The damage caused in these hotspots is also harmful for humanity, which relies on the oceans for oxygen, food, storm protection and the removal of climate-warming carbon dioxide the atmosphere, they say. 
Global warming is gradually increasing the average temperature of the oceans, but the new research is the first systematic global analysis of ocean heatwaves, when temperatures reach extremes for five days or more.

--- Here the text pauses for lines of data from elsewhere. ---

lemma stirling_err_limit_bound:
  obtains L where "stirling_err \<longlonglongrightarrow> L" "\<And>m. m \<ge> 1 \<Longrightarrow> \<bar>stirling_err m - L\<bar> \<le> 1 / (10 * real m ^ 3)"
proof -
  define b where "b m = 1 / (10 * (real m * (real m + 1) * (real m + 2)))" for m
  have step: "\<bar>stirling_err m - stirling_err (Suc m)\<bar> \<le> b m - b (Suc m)" if "m \<ge> 1" for m
    using abs_stirling_err_diff_le[OF that] inverse_rising_diff_ge[of "real m"] that
    by (simp add: b_def algebra_simps)
  have lim: "b \<longlonglongrightarrow> 0"
    unfolding b_def by real_asymp
  obtain L where L: "stirling_err \<longlonglongrightarrow> L" "\<And>m. m \<ge> 1 \<Longrightarrow> \<bar>stirling_err m - L\<bar> \<le> b m"
    using telescoping_limit_bound[of stirling_err b, OF step lim] by blast
  have "b m \<le> 1 / (10 * real m ^ 3)" if "m \<ge> 1" for m
    unfolding b_def using that
    by (intro divide_left_mono mult_left_mono) (auto simp: power3_eq_cube intro!: mult_mono)
  with L show ?thesis
    using that by force
qed

lemma stirling_err_tendsto_zero: "stirling_err \<longlonglongrightarrow> 0"
proof -
  obtain L where L: "stirling_err \<longlonglongrightarrow> L"
    using stirling_err_limit_bound by blast
  have L2: "(\<lambda>N. stirling_err (2 * N)) \<longlonglongrightarrow> L"
    using LIMSEQ_subseq_LIMSEQ[OF L, of "\<lambda>N. 2 * N"] by (simp add: strict_mono_def o_def)
  have "(\<lambda>N. ln (real N) - ln (2 * real N + 1)) \<longlonglongrightarrow> - ln 2"
    by real_asymp
  moreover have "(\<lambda>N. 1 / (4 * real N)) \<longlonglongrightarrow> 0"
    by real_asymp
  ultimately have "(\<lambda>N. 4 * stirling_err N - 2 * stirling_err (2 * N) + ln pi
      + (ln (real N) - ln (2 * real N + 1)) + 1 / (4 * real N)) \<longlonglongrightarrow> 4 * L - 2 * L + ln pi + - ln 2 + 0"
    by (intro tendsto_add tendsto_diff tendsto_mult_left L L2 tendsto_const)
  moreover have "\<forall>\<^sub>F N in sequentially. 4 * stirling_err N - 2 * stirling_err (2 * N) + ln pi
      + (ln (real N) - ln (2 * real N + 1)) + 1 / (4 * real N)
      = ln (\<Prod>k=1..N. 4 * real k ^ 2 / (4 * real k ^ 2 - 1))"
    using eventually_ge_at_top[of "1::nat"] by eventually_elim (use ln_wallis_partial_product in auto)
  ultimately have "(\<lambda>N. ln (\<Prod>k=1..N. 4 * real k ^ 2 / (4 * real k ^ 2 - 1)))
      \<longlonglongrightarrow> 4 * L - 2 * L + ln pi + - ln 2 + 0"
    by (rule Lim_transform_eventually)
  moreover have "(\<lambda>N. ln (\<Prod>k=1..N. 4 * real k ^ 2 / (4 * real k ^ 2 - 1))) \<longlonglongrightarrow> ln (pi / 2)"
    by (intro tendsto_intros wallis) simp
  ultimately have "4 * L - 2 * L + ln pi + - ln 2 + 0 = ln (pi / 2)"
    by (rule LIMSEQ_unique)
  hence "L = 0"
    by (simp add: ln_div)
  thus ?thesis
    using L by simp
qed

lemma abs_stirling_err_le:
  assumes "m \<ge> 1"
  shows "\<bar>stirling_err m\<bar> \<le> 1 / (10 * real m ^ 3)"
proof -
  obtain L where "stirling_err \<longlonglongrightarrow> L" "\<And>m. m \<ge> 1 \<Longrightarrow> \<bar>stirling_err m - L\<bar> \<le> 1 / (10 * real m ^ 3)"
    using stirling_err_limit_bound by blast
  moreover from this(1) have "L = 0"
    using stirling_err_tendsto_zero LIMSEQ_unique by blast
  ultimately show ?thesis
    using assms by simp
qed
lemma origin_stable:
  assumes "(1 - p) * exp (A * T) \<le> 1"
  shows "is_stable A b sg g p T (0, 0)"
proof (rule is_stableI)
  show "(0, 0) \<in> phase_dom A" using A_pos by (simp add: phase_dom_def)
  fix e :: real assume "0 < e"
  define \<eta> where "\<eta> = min e (\<gamma> * exp (- A * T) / b)"
  have "x (real k * T) \<in> phase_dom A \<and> norm (x (real k * T)) < e"
    if x: "is_solution A b sg g p T x" "x 0 \<in> phase_dom A" "norm (x 0) < \<eta>" for x k
  proof -
    have "norm (x 0) < \<gamma> * exp (- A * T) / b" using x(3) by (simp add: \<eta>_def)
    then have "fst (x 0) < \<gamma> * exp (- A * T) / b"
      using norm_fst_le[of "fst (x 0)" "snd (x 0)"] abs_ge_self[of "fst (x 0)"] by simp
    from near_origin_le_start[OF assms x(1,2) this, of k] solution_phase_dom[OF x(1,2), of k]
    have "x (real k * T) \<in> phase_dom A" "norm (x (real k * T)) \<le> norm (x 0)"
      unfolding norm_prod_def by (auto simp: phase_dom_def intro!: real_sqrt_le_mono add_mono power_mono)
    then show ?thesis using x(3) by (simp add: \<eta>_def)
  qed
  moreover have "0 < \<eta>" using \<open>0 < e\<close> sg_g_pos b_pos by (simp add: \<eta>_def)
  ultimately show "\<exists>\<eta>>0. \<eta> \<le> e \<and> (\<forall>x. is_solution A b sg g p T x \<and> x 0 \<in> phase_dom A \<and>
      dist (0, 0) (x 0) < \<eta> \<longrightarrow> (\<forall>k. dist (0, 0) (x (real k * T)) < e))"
    by (auto simp: dist_origin \<eta>_def intro!: exI[of _ \<eta>])
qed

lemma lyapunov_impulses_nonincreasing:
  assumes \<mu>: "\<mu> \<le> 0" and x: "is_solution A b sg g p T x" "x 0 \<in> phase_dom A" "fst (x 0) > 0"
  shows "snd (x (real k * T)) * fst (x (real k * T)) powr b \<le> snd (x 0) * fst (x 0) powr b"
proof -
  have pd: "x (real k * T) \<in> phase_dom A" for k using solution_phase_dom[OF x(1,2)] .
  have S: "fst (x (real k * T)) > 0" for k
    by (induction k) (use x(3) inverse_S_step_lower(1)[OF x(1) pd] in auto)
  show ?thesis
  proof (induction k)
    case (Suc k)
    have "0 \<le> snd (x (real k * T)) * fst (x (real k * T)) powr b"
      using pd[of k] by (simp add: phase_dom_def)
    then have "exp \<mu> * (snd (x (real k * T)) * fst (x (real k * T)) powr b)
        \<le> snd (x (real k * T)) * fst (x (real k * T)) powr b"
      using \<mu> by (simp add: mult_left_le_one_le)
    then show ?case using lyapunov_step(1)[OF x(1) pd S, of k] Suc by linarith
  qed simp
qed

text \<open>While I stays below the bound, I * S powr b grows geometrically at the impulse times, but
  it is bounded because S \<le> A.\<close>

lemma infection_not_small:
  assumes \<mu>: "0 < \<mu>"
    and x: "is_solution A b sg g p T x" "x 0 \<in> phase_dom A" "fst (x 0) > 0" "snd (x 0) > 0"
  shows "\<exists>k. \<mu> / (2 * b\<^sup>2 * exp (b * A * T) * T) \<le> snd (x (real k * T))"
proof (rule ccontr)
  define d where "d = \<mu> / (2 * b\<^sup>2 * exp (b * A * T) * T)"
  assume "\<not> (\<exists>k. \<mu> / (2 * b\<^sup>2 * exp (b * A * T) * T) \<le> snd (x (real k * T)))"
  then have small: "snd (x (real k * T)) < d" for k by (auto simp: d_def not_le)
  have pd: "x (real k * T) \<in> phase_dom A" for k using solution_phase_dom[OF x(1,2)] .
  have S: "fst (x (real k * T)) > 0" for k
    by (induction k) (use x(3) inverse_S_step_lower(1)[OF x(1) pd] in auto)
  define P where "P k = snd (x (real k * T)) * fst (x (real k * T)) powr b" for k
  have growth: "exp (\<mu> / 2) * P k \<le> P (Suc k)" for k
  proof -
    have "snd (x t) \<le> d * exp (b * A * T)" if "real k * T < t" "t < real (Suc k) * T" for t
      using I_bound_on_period[OF x(1) pd less_imp_le[OF that(1)] that(2)] small[of k]
      by (smt (verit) exp_gt_zero mult_right_mono)
    from lyapunov_step(2)[OF x(1) pd S this]
    have "exp (\<mu> - b\<^sup>2 * (d * exp (b * A * T)) * T) * P k \<le> P (Suc k)" by (simp add: P_def)
    moreover have "\<mu> - b\<^sup>2 * (d * exp (b * A * T)) * T = \<mu> / 2"
      using b_pos T_pos by (simp add: d_def field_simps)
    ultimately show ?thesis by simp
  qed
  have "exp (\<mu> / 2) ^ k * P 0 \<le> P k" for k
  proof (induction k)
    case (Suc k)
    then show ?case using growth[of k] by (smt (verit) exp_gt_zero mult.assoc mult_left_mono power_Suc)
  qed simp
  moreover have "P k \<le> d * A powr b" for k
    using pd[of k] small[of k] S[of k] b_pos
    by (auto simp: P_def phase_dom_def intro!: mult_mono powr_mono2)
  moreover have "P 0 > 0" using x(3,4) by (simp add: P_def)
  moreover obtain k where "d * A powr b / P 0 < exp (\<mu> / 2) ^ k"
    using real_arch_pow[of "exp (\<mu> / 2)"] \<mu> by auto
  ultimately show False by (smt (verit) pos_divide_less_eq)
qed

context
  assumes persistent: "1 < (1 - p) * exp (A * T)"
begin

lemma \<alpha>_less_1: "\<alpha> < 1"
proof -
  have "exp (- A * T) * exp (A * T) < (1 - p) * exp (A * T)" using persistent by (simp flip: exp_add)
  then show ?thesis using p_less_1 by (simp add: \<alpha>_def)
qed

definition \<zeta> :: real where "\<zeta> = \<beta> / (1 - \<alpha>)"

lemma \<zeta>_pos: "0 < \<zeta>"
  using \<alpha>_less_1 A_pos T_pos p_less_1 by (simp add: \<zeta>_def \<beta>_def)

lemma \<zeta>_fixpoint: "\<alpha> * \<zeta> + \<beta> = \<zeta>"
  using \<alpha>_less_1 by (simp add: \<zeta>_def field_simps)

lemma calS_0: "calS A p T 0 = 1 / \<zeta>"
proof -
  define E where "E = exp (A * T)"
  have "E > 1" using A_pos T_pos by (simp add: E_def)
  have e: "exp (- A * T) = 1 / E" by (simp add: E_def exp_minus field_simps)
  define B where "B = E * (1 - p)"
  have "B > 1" using persistent by (simp add: B_def E_def mult.commute)
  have "1 - \<alpha> = (B - 1) / B" "\<beta> = (E - 1) / (A * B)"
    unfolding \<alpha>_def \<beta>_def e B_def using \<open>E > 1\<close> A_pos p_less_1 by (simp_all add: field_simps)
  then have "\<zeta> = (E - 1) / (A * B) / ((B - 1) / B)" by (simp add: \<zeta>_def)
  also have "\<dots> = (E - 1) / (A * (B - 1))"
    using \<open>B > 1\<close> A_pos by (simp add: divide_divide_eq_left divide_divide_eq_right)
  finally have "\<zeta> = (E - 1) / (A * (E * (1 - p) - 1))" by (simp add: B_def)
  moreover have "calS A p T 0 = A * (E * (1 - p) - 1) / (E - 1)"
    by (simp add: calS_def E_def algebra_simps)
  ultimately show ?thesis by simp
qed

lemma calS_0_bounds: "0 < 1 / \<zeta>" "1 / \<zeta> < A"
proof -
  show "0 < 1 / \<zeta>" using \<zeta>_pos by simp
  define E where "E = exp (A * T)"
  have "E > 1" using A_pos T_pos by (simp add: E_def)
  have "A * (E * (1 - p) - 1) < A * (E - 1)" using p_pos \<open>E > 1\<close> A_pos by (simp add: algebra_simps)
  then have "A * (E * (1 - p) - 1) / (E - 1) < A" using \<open>E > 1\<close> by (simp add: divide_less_eq)
  then show "1 / \<zeta> < A" using calS_0 by (simp add: calS_def E_def algebra_simps)
qed

lemma disease_free_solution: "is_solution A b sg g p T (\<lambda>t. (calS A p T t, 0))"
proof -
  define K where "K = exp (A * T) * (1 - p) - 1"
  define f where "f \<tau> = A * K / (K + p * exp (A * (T - \<tau>)))" for \<tau>
  have "K > 0" using persistent by (simp add: K_def mult.commute)
  then have denom: "K + p * exp (A * (T - \<tau>)) > 0" for \<tau> using p_pos by (simp add: add_pos_pos)
  have deriv: "(f has_real_derivative f \<tau> * (A - f \<tau>)) (at \<tau>)" for \<tau>
  proof -
    have "(f has_real_derivative
        - (A * K * (p * (exp (A * (T - \<tau>)) * (A * (0 - 1))))) / (K + p * exp (A * (T - \<tau>)))\<^sup>2) (at \<tau>)"
      unfolding f_def[abs_def] using denom[of \<tau>]
      by (auto intro!: derivative_eq_intros simp: power2_eq_square)
    then show ?thesis
      by (rule DERIV_cong) (use denom[of \<tau>] in \<open>simp add: f_def field_simps power2_eq_square\<close>)
  qed
  have "solves_on 0 T (\<lambda>\<tau>. (f \<tau>, 0))"
    unfolding solves_on_def
  proof (intro conjI allI impI)
    show "continuous_on {0..T} (\<lambda>\<tau>. (f \<tau>, 0::real))"
      unfolding f_def using denom by (intro continuous_intros) (auto simp: less_imp_neq[symmetric])
    fix \<tau> show "((\<lambda>\<tau>. (f \<tau>, 0::real)) has_vector_derivative vfield A b sg g (f \<tau>, 0)) (at \<tau>)"
      using deriv[of \<tau>] by (auto intro!: derivative_eq_intros
          simp: vfield_def has_real_derivative_iff_has_vector_derivative[symmetric])
  qed
  moreover have "calS A p T t = f (t - real k * T)" if "real k * T \<le> t" "t < real (Suc k) * T" for k t
    using period_index[OF that] that by (simp add: calS_def f_def K_def Let_def)
  moreover have "f 0 = (1 - p) * f T"
  proof -
    have "f 0 = A * K / (exp (A * T) - 1)" by (simp add: f_def K_def algebra_simps)
    also have "\<dots> = (1 - p) * (A * K / ((1 - p) * (exp (A * T) - 1)))" using p_less_1 by simp
    also have "\<dots> = (1 - p) * f T" by (simp add: f_def K_def algebra_simps)
    finally show ?thesis .
  qed
  ultimately show ?thesis by (intro is_solution_from_pieces[where z="\<lambda>_ \<tau>. (f \<tau>, 0)"]) auto
qed
lemma num_through_eq_crossing_count:
  assumes "0 \<le> \<theta>" "\<theta> < pi/2" "(2 + \<Delta>) * sqrt (pi / real n) = sph_r * \<theta>"
  shows "num_through \<Delta> n \<omega> i j = crossing_count (sin \<theta>) n (fst \<omega>) i j"
  unfolding num_through_def zpt_def crossing_count_def assms(3) passes_through_isect_pt_iff[OF assms(1,2)]
  by (cases "i \<le> j") (simp_all add: min_def max_def crossing_band_commute)

text \<open>With s = sin (A / sqrt n) the hit probability lies in [A / (512 sqrt n), 2 A / sqrt n],
  so the expected count is between A sqrt n / 1024 and 2 A sqrt n; the bounds A sqrt n / 4096
  and (6 A + 1) sqrt n leave room for the Chernoff exponents.\<close>

lemma chernoff_exponents_le:
  fixes A :: real and n :: nat
  assumes A: "8 \<le> A" and n: "4 \<le> n" "A \<le> sqrt (real n)"
  defines "s \<equiv> sin (A / sqrt (real n))"
  shows "exp (real (n - 2) * (2 * s) * (exp 1 - 1) - ((6 * A + 1) * sqrt (real n) - 2))
      + exp ((A / 4096 * sqrt (real n) - 2) - real (n - 2) * (s / 256) * (1 - exp (-1)))
    \<le> exp (2 - sqrt (real n)) + exp (- sqrt (real n) / 512)"
proof -
  define r where "r = sqrt (real n)"
  define \<theta> where "\<theta> = A / r"
  have r: "r > 0" "real n = r * r" using n by (auto simp: r_def)
  have \<theta>: "0 \<le> \<theta>" "\<theta> \<le> 1" "real n * \<theta> = A * r"
  proof -
    show "0 \<le> \<theta>" using A r(1) by (simp add: \<theta>_def)
    show "\<theta> \<le> 1" using n(2) r(1) by (simp add: \<theta>_def r_def)
    show "real n * \<theta> = A * r" using r by (simp add: \<theta>_def)
  qed
  have s: "\<theta> / 2 \<le> s" "s \<le> \<theta>"
    using sin_ge_half[OF \<theta>(1,2)] sin_x_le_x[OF \<theta>(1)] by (simp_all add: s_def \<theta>_def r_def)
  have e: "exp 1 - 1 \<le> (3::real)" "1/2 \<le> 1 - exp (-1::real)"
    using exp_1_bounds by (auto simp: exp_minus field_simps)
  have m: "real (n - 2) \<le> real n" "real n / 2 \<le> real (n - 2)" using n by auto
  have "real (n - 2) * (2 * s) * (exp 1 - 1) \<le> real n * (2 * \<theta>) * 3"
    using m s e \<theta> by (intro mult_mono) auto
  also have "\<dots> = 6 * A * r" using \<theta>(3) by simp
  finally have upper: "real (n - 2) * (2 * s) * (exp 1 - 1) - ((6 * A + 1) * r - 2) \<le> 2 - r"
    by (simp add: algebra_simps)
  have "A * r / 2048 = (real n / 2) * (\<theta> / 2 / 256) * (1/2)" using \<theta>(3) by simp
  also have "\<dots> \<le> real (n - 2) * (s / 256) * (1 - exp (-1))"
    using m s e \<theta> by (intro mult_mono) auto
  finally have "(A / 4096 * r - 2) - real (n - 2) * (s / 256) * (1 - exp (-1)) \<le> - (A * r / 4096)"
    by simp
  also have "\<dots> \<le> - r / 512" using A r by (simp add: field_simps)
  finally have lower: "(A / 4096 * r - 2) - real (n - 2) * (s / 256) * (1 - exp (-1)) \<le> - r / 512" .
  show ?thesis using upper lower unfolding r_def[symmetric] by (intro add_mono) auto
qed

lemma prob_space_config_space: "prob_space (config_space n)"
  unfolding config_space_def
  by (intro prob_space_pair prob_space_PiM prob_space_unif_S2) (simp add: coin_def prob_space_measure_pmf)

lemma prob_typical_config_ge:
  fixes \<Delta> :: real and n :: nat
  defines "A \<equiv> 2 * pi * (2 + \<Delta>)"
  assumes "\<Delta> > 0" "4 \<le> n" "A \<le> sqrt (real n)"
  shows "1 - real n ^ 2 * (exp (2 - sqrt (real n)) + exp (- sqrt (real n) / 512))
    \<le> measure (config_space n) {\<omega> \<in> space (config_space n). \<forall>i<n. \<forall>j<n. i \<noteq> j \<longrightarrow>
        A / 4096 * sqrt (real n) \<le> real (num_through \<Delta> n \<omega> i j) \<and>
        real (num_through \<Delta> n \<omega> i j) \<le> (6 * A + 1) * sqrt (real n)}"
proof -
  let ?lo = "A / 4096 * sqrt (real n)" and ?hi = "(6 * A + 1) * sqrt (real n)"
  have "2 * 2 \<le> pi * (2 + \<Delta>)" using pi_ge_two assms(2) by (intro mult_mono) auto
  then have A: "8 \<le> A" by (simp add: A_def)
  define \<theta> where "\<theta> = A / sqrt (real n)"
  have "\<theta> \<le> 1" using A assms(3,4) by (simp add: \<theta>_def)
  moreover have "0 \<le> \<theta>" using A by (simp add: \<theta>_def)
  ultimately have \<theta>: "0 \<le> \<theta>" "\<theta> < pi / 2" using pi_gt3 by linarith+
  have s: "0 \<le> sin \<theta>" "sin \<theta> \<le> 1" using \<theta> by (auto intro: sin_ge_zero)
  let ?T = "{X \<in> space (PiM {..<n} (\<lambda>_. unif_S2)). \<forall>i<n. \<forall>j<n. i \<noteq> j \<longrightarrow>
      ?lo \<le> real (crossing_count (sin \<theta>) n X i j) \<and> real (crossing_count (sin \<theta>) n X i j) \<le> ?hi}"
  have event: "{\<omega> \<in> space (config_space n). \<forall>i<n. \<forall>j<n. i \<noteq> j \<longrightarrow>
        ?lo \<le> real (num_through \<Delta> n \<omega> i j) \<and> real (num_through \<Delta> n \<omega> i j) \<le> ?hi}
      = ?T \<times> space (PiM (pairs n) (\<lambda>_. coin))"
    using num_through_eq_crossing_count[OF \<theta> disk_radius_eq[of \<Delta> n, folded A_def, folded \<theta>_def]]
    by (auto simp: config_space_def space_pair_measure simp del: space_PiM)
  have "prob_space (PiM (pairs n) (\<lambda>_. coin))"
    by (intro prob_space_PiM) (simp add: coin_def prob_space_measure_pmf)
  moreover have "?T \<in> sets (PiM {..<n} (\<lambda>_. unif_S2))"
    by measurable
  ultimately have "measure (config_space n) {\<omega> \<in> space (config_space n). \<forall>i<n. \<forall>j<n. i \<noteq> j \<longrightarrow>
        ?lo \<le> real (num_through \<Delta> n \<omega> i j) \<and> real (num_through \<Delta> n \<omega> i j) \<le> ?hi}
      = measure (PiM {..<n} (\<lambda>_. unif_S2)) ?T"
    unfolding event unfolding config_space_def by (rule measure_pair_measure_Times_space)
  moreover have "1 - real n ^ 2 * (exp (2 - sqrt (real n)) + exp (- sqrt (real n) / 512))
      \<le> measure (PiM {..<n} (\<lambda>_. unif_S2)) ?T"
    using mult_left_mono[OF chernoff_exponents_le[OF A assms(3,4)], of "real n ^ 2"]
      prob_crossing_counts_within[OF s, of n ?hi ?lo]
    unfolding \<theta>_def by simp
  ultimately show ?thesis by simp
qed
theorem lemma3p7:
  fixes X Y :: "(int \<Rightarrow> 'a::finite) set"
    and F :: "'a \<Rightarrow> 'a \<Rightarrow> real"
    and Cs :: "nat \<Rightarrow> real" and C :: real
  assumes "sft1 X" and "sft1 Y"
    and "\<And>n. Cs (Suc n) \<le> Cs n"
    and "\<And>n. 0 \<le> Cs n"
    and "Cs \<longlonglongrightarrow> C"
  shows "Yfc X Y (\<lambda>x y. F (x 0) (y 0)) C = (\<Inter>n. Yfc X Y (\<lambda>x y. F (x 0) (y 0)) (Cs n))
    \<and> ((\<forall>n. Yfc X Y (\<lambda>x y. F (x 0) (y 0)) (Cs n) \<noteq> {}) \<longrightarrow> Yfc X Y (\<lambda>x y. F (x 0) (y 0)) C \<noteq> {})"
proof -
  let ?f = "\<lambda>x y. F (x 0) (y 0)"
  have "decseq Cs"
    using assms(3) by (rule decseq_SucI)
  then have C_le: "C \<le> Cs n" for n
    using assms(5) by (rule decseq_ge)
  have "Yfc X Y ?f C \<subseteq> (\<Inter>n. Yfc X Y ?f (Cs n))"
    by (rule INT_greatest, rule Yfc_mono, rule C_le)
  with Inter_Yfc_subset_limit[OF assms(5)]
  have Yfc_eq: "Yfc X Y ?f C = (\<Inter>n. Yfc X Y ?f (Cs n))"
    by (rule antisym[rotated])
  obtain Fb where Y: "Y = {x. \<forall>j. (x j, x (j + 1)) \<notin> Fb}"
    using assms(2) unfolding sft1_def by blast
  have "decseq (\<lambda>n. Yfc X Y ?f (Cs n))"
    by (rule decseq_SucI, rule Yfc_mono, rule assms(3))
  moreover have "cylinder_closed (Yfc X Y ?f (Cs n))" for n
    by (rule Yfc_cylinder_closed[OF _ Y]) simp
  ultimately have "(\<Inter>n. Yfc X Y ?f (Cs n)) \<noteq> {}" if "\<forall>n. Yfc X Y ?f (Cs n) \<noteq> {}"
    using that by (intro decseq_cylinder_closed_Inter_nonempty) auto
  with Yfc_eq show ?thesis
    by simp
qed

end
lemma card_cubic_map_collisions:
  assumes 2: "(2::'a::{finite,field}) \<noteq> 0" and 3: "(3::'a) \<noteq> 0"
  shows "card {(t, u). t \<noteq> u \<and> cubic_map t = cubic_map (u::'a)} + 1 + card {m::'a. m^2 + m + 1 = 0}
    = CARD('a)"
proof -
  let ?M = "{m. m \<noteq> 1 \<and> m \<noteq> -1 \<and> m^2 + m + 1 \<noteq> (0::'a)}"
  have "(0, 1) \<notin> collision_of_ratio ` ?M" by (auto simp: collision_of_ratio_def add_eq_0_iff)
  then have "card {(t, u). t \<noteq> u \<and> cubic_map t = cubic_map (u::'a)} = card ?M + 1"
    by (simp add: cubic_map_collisions_eq card_image[OF inj_on_collision_of_ratio])
  moreover have "(1::'a) \<noteq> -1" using 2 by (simp add: eq_neg_iff_add_eq_0 one_add_one)
  then have "card (?M \<union> {1, -1}) = card ?M + 2" by (subst card_Un_disjoint) auto
  moreover have "CARD('a) = card (?M \<union> {1, -1}) + card {m::'a. m^2 + m + 1 = 0}"
  proof -
    have "(1::'a)^2 + 1 + 1 \<noteq> 0" using 3 by simp
    then have "(UNIV::'a set) = (?M \<union> {1, -1}) \<union> {m. m^2 + m + 1 = 0}"
      "(?M \<union> {1, -1}) \<inter> {m. m^2 + m + 1 = 0} = {}" by auto
    then show ?thesis using card_Un_disjoint[of "?M \<union> {1, -1}" "{m. m^2 + m + 1 = 0}"] by simp
  qed
  ultimately show ?thesis by simp
qed
lemma prob_conj_eq_mult_if_AE_const:
  assumes [measurable]: "Measurable.pred M P" "Measurable.pred M Q"
    and const: "AE w in M. P w = c"
  shows "prob {w \<in> space M. P w \<and> Q w} = prob {w \<in> space M. P w} * prob {w \<in> space M. Q w}"
proof (cases c)
  case True
  have "prob {w \<in> space M. P w \<and> Q w} = prob {w \<in> space M. Q w}"
    by (rule finite_measure_eq_AE) (use const True in auto)
  moreover have "prob {w \<in> space M. P w} = prob (space M)"
    by (rule finite_measure_eq_AE) (use const True in auto)
  ultimately show ?thesis by (simp add: prob_space)
next
  case False
  have "prob {w \<in> space M. P w \<and> Q w} = prob {}" "prob {w \<in> space M. P w} = prob {}"
    by (rule finite_measure_eq_AE; use const False in auto)+
  then show ?thesis by simp
qed

lemma IC0_prob_both_in:
  fixes X Y :: "'a \<Rightarrow> real"
  assumes [measurable]: "X \<in> borel_measurable M" "Y \<in> borel_measurable M" "A \<in> sets borel"
    and "IC0 M X Y"
  shows "prob {w \<in> space M. X w \<in> A \<and> Y w \<in> A}
    = prob {w \<in> space M. X w \<in> A} * prob {w \<in> space M. Y w \<in> A}"
proof -
  have comp_indicator: "indicator A \<circ> Z = (\<lambda>w. of_bool (Z w \<in> A))" for Z :: "'a \<Rightarrow> real"
    by (simp add: fun_eq_iff indicator_def)
  have L2_or_const: "L2 M (indicator A \<circ> Z) \<or> (\<exists>c. AE w in M. (Z w \<in> A) = c)"
    if [measurable]: "Z \<in> borel_measurable M" for Z
  proof -
    have "integrable M (\<lambda>w. ((indicator A \<circ> Z) w)\<^sup>2 :: real)"
      by (rule integrable_const_bound[where B=1]) (auto simp: indicator_def)
    moreover have "AE w in M. (Z w \<in> A) = (c = 1)" if "AE w in M. (indicator A \<circ> Z) w = c" for c
      using that by eventually_elim (auto simp: indicator_def)
    ultimately show ?thesis unfolding L2_def by auto
  qed
  consider "L2 M (indicator A \<circ> X)" "L2 M (indicator A \<circ> Y)"
    | c where "AE w in M. (X w \<in> A) = c" | c where "AE w in M. (Y w \<in> A) = c"
    using L2_or_const[of X] L2_or_const[of Y] by auto
  then show ?thesis
  proof cases
    case 1
    with \<open>IC0 M X Y\<close> have "corr M (indicator A \<circ> X) (indicator A \<circ> Y) = 0"
      unfolding IC0_def by (simp add: borel_measurable_indicator)
    then have "covar M (indicator A \<circ> X) (indicator A \<circ> Y) = 0"
      using var_nonzero_if_L2[OF 1(1)] var_nonzero_if_L2[OF 1(2)] by (simp add: corr_def)
    then show ?thesis by (simp add: comp_indicator covar_of_bool)
  next
    case 2
    then show ?thesis by (rule prob_conj_eq_mult_if_AE_const[rotated 2]) measurable
  next
    case 3
    then have "prob {w \<in> space M. Y w \<in> A \<and> X w \<in> A}
        = prob {w \<in> space M. Y w \<in> A} * prob {w \<in> space M. X w \<in> A}"
      by (rule prob_conj_eq_mult_if_AE_const[rotated 2]) measurable
    then show ?thesis by (simp add: conj_commute mult.commute)
  qed
qed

...The research found heatwaves are becoming more frequent, prolonged and severe, with the number of heatwave days tripling in the last couple of years studied.  ...As heatwaves have increased, kelp forests, seagrass meadows and coral reefs have been lost. These foundation species are critical to life in the ocean. They provide shelter and food to many others, but have been hit on coasts from California to Australia to Spain.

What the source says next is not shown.